Rhantus suturalis, commonly known as the supertramp beetle or cosmopolitan diving beetle, is a species of diving beetle (Dytiscidae) with a cosmopolitan distribution.

== Description ==
Adult Rhantus suturalis range from 10.5 to 13.0 mm in length. The head is black with a pale anterior margin and a pale marking between the eyes, and the antennae and palps are also pale. The pronotum is pale with a usually well-defined dark mark in the middle. The elytra are pale brown and covered in fine punctures. The sternites of the abdomen are completely black. The legs are brown and often have the metatibiae and metatarsi darker. Males differ from females in the basal tarsomeres of the prolegs and midlegs being weakly dilated, and the protarsal claws being unequal and much shorter than the terminal tarsomere.

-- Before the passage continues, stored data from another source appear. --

lemma shrink_open_cover_near:
  fixes W :: "'i \<Rightarrow> 'a::metric_space set"
  assumes W: "\<And>i. i \<in> I \<Longrightarrow> open (W i)" "(\<Union>i\<in>I. W i) = UNIV"
    and \<V>: "\<Union>\<V> = UNIV" "R_multiplicity_le r \<V> k" and s: "0 < s" "s < r"
    and fine: "\<And>V. V \<in> \<V> \<Longrightarrow> V \<inter> cball a (\<rho> + 1) \<noteq> {} \<Longrightarrow> \<exists>i\<in>I. (\<Union>v\<in>V. ball v s) \<subseteq> W i"
  shows "\<exists>W'. (\<forall>i\<in>I. open (W' i) \<and> W' i \<subseteq> W i) \<and> (\<Union>i\<in>I. W' i) = UNIV \<and>
    (\<forall>x\<in>cball a \<rho>. card {i\<in>I. x \<in> closure (W' i)} \<le> k)"
proof -
  let ?K = "cball a (\<rho> + 1)"
  define N where "N V = (\<Union>v\<in>V. ball v s)" for V :: "'a set"
  define ch where "ch V = (SOME i. i \<in> I \<and> N V \<subseteq> W i)" for V
  have ch: "ch V \<in> I \<and> N V \<subseteq> W (ch V)" if "V \<in> \<V>" "V \<inter> ?K \<noteq> {}" for V
  proof -
    have "\<exists>i. i \<in> I \<and> N V \<subseteq> W i" using fine[OF that] by (simp only: N_def Bex_def)
    from someI_ex[OF this] show ?thesis unfolding ch_def .
  qed
  \<comment> \<open>Thicken each member meeting \<open>?K\<close> and hand it to one \<open>W i\<close> containing the thickening;
    a point of \<open>cball a \<rho>\<close> in the closure of \<open>W' i\<close> is then \<open>r\<close>-close to a member assigned to \<open>i\<close>.\<close>
  define W' where "W' i = (\<Union>V\<in>{V\<in>\<V>. V \<inter> ?K \<noteq> {} \<and> ch V = i}. N V) \<union> (W i - ?K)" for i
  show ?thesis
  proof (intro exI[of _ W'] conjI ballI)
    fix i assume "i \<in> I"
    show "open (W' i)" unfolding W'_def N_def
      by (intro open_Un open_UN open_Diff ballI open_ball closed_cball W(1)[OF \<open>i \<in> I\<close>])
    have "N V \<subseteq> W i" if "V \<in> \<V>" "V \<inter> ?K \<noteq> {}" "ch V = i" for V
      using ch[OF that(1,2)] that(3) by blast
    then show "W' i \<subseteq> W i" unfolding W'_def by blast
  next
    have "x \<in> (\<Union>i\<in>I. W' i)" for x
    proof (cases "x \<in> ?K")
      case True
      have "x \<in> \<Union>\<V>" using \<V>(1) by simp
      then obtain V where V: "V \<in> \<V>" "x \<in> V" by blast
      have VK: "V \<inter> ?K \<noteq> {}" using V(2) True by blast
      have "x \<in> N V" unfolding N_def using V(2) s(1) by (intro UN_I[of x]) auto
      then have "x \<in> W' (ch V)" unfolding W'_def using V(1) VK by blast
      moreover have "ch V \<in> I" using ch[OF V(1) VK] by blast
      ultimately show ?thesis by blast
    next
      case False
      have "x \<in> (\<Union>i\<in>I. W i)" using W(2) by simp
      then obtain i where "i \<in> I" "x \<in> W i" by blast
      then show ?thesis using False unfolding W'_def by blast
    qed
    then show "(\<Union>i\<in>I. W' i) = UNIV" by blast
  next
    fix x assume x: "x \<in> cball a \<rho>"
    let ?S = "{V\<in>\<V>. V \<inter> cball x r \<noteq> {}}"
    have S: "finite ?S" "card ?S \<le> k" using \<V>(2) unfolding R_multiplicity_le_def by auto
    have "{i\<in>I. x \<in> closure (W' i)} \<subseteq> ch ` ?S"
    proof clarify
      fix i assume "x \<in> closure (W' i)"
      moreover have "x \<notin> closure (W i - ?K)"
      proof -
        have "ball a (\<rho> + 1) \<inter> closure (W i - ?K) = {}" by (subst open_Int_closure_eq_empty) auto
        moreover have "x \<in> ball a (\<rho> + 1)" using x by simp
        ultimately show ?thesis by blast
      qed
      ultimately have "x \<in> closure (\<Union>V\<in>{V\<in>\<V>. V \<inter> ?K \<noteq> {} \<and> ch V = i}. \<Union>v\<in>V. ball v s)"
        unfolding W'_def N_def by simp
      from closure_UN_balls_meets_cball[OF this \<open>s < r\<close>]
      obtain V where "V \<in> \<V>" "ch V = i" "V \<inter> cball x r \<noteq> {}" by blast
      then show "i \<in> ch ` ?S" by blast
    qed
    then have "card {i\<in>I. x \<in> closure (W' i)} \<le> card ?S" by (rule surj_card_le[OF S(1)])
    then show "card {i\<in>I. x \<in> closure (W' i)} \<le> k" using S(2) by linarith
  qed
qed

In Europe, R. suturalis coexists with the also-common species R. exsoletus, but that species has a vague black posterior margin to the pronotum instead of a central dark mark, and its abdominal sternites are yellow instead of black. In Australia, the only other Rhantus species is R. simulans, which is larger (12.8-13.5 mm) and only found in the country's southwest, unlike the more widespread R. suturalis.

Larvae are typical for larvae of Dytiscidae, with a flat head, crescent-shaped jaws and a segmented body. The legs are partially fringed with hairs, used in swimming. The end of the abdomen has a pair of cerci which are covered in setae. Fully grown larvae are about 15 mm long.

Pupae are covered in stiff hairs. These hairs keep the rest of the pupa off the mud of the pupation cell (see the "Life cycle" section below), which may help it avoid fungal infection and keep the surrounding air fresh.

== Life cycle ==
Breeding occurs in spring and early summer, with eggs being deposited among submerged debris. Larvae emerge a few days later. The larval stage lasts three weeks and involves three instars. Towards the end of the larval stage, larvae become temporarily inactive, then leave the water to dig a cell in which pupation occurs. The pupal stage may only last a few days, but adults remain inside the cell for a while longer to become pigmented and harden their exoskeletons. Finally, less than two weeks after the digging of the pupation cell, adults emerge.

Adults are present throughout the year. They are believed to overwinter in the water. In milder climates, they may remain active throughout the winter.

== Habitat ==
These beetles typically occur in small water bodies with little or no vegetation. They may be found in garden ponds, temporary pools, flooded tyre ruts, water butts and brackish water ponds.

== Diet ==
Adults and larvae are both predators whose preferred prey is mosquito larvae. Additionally, larvae can be cannibalistic.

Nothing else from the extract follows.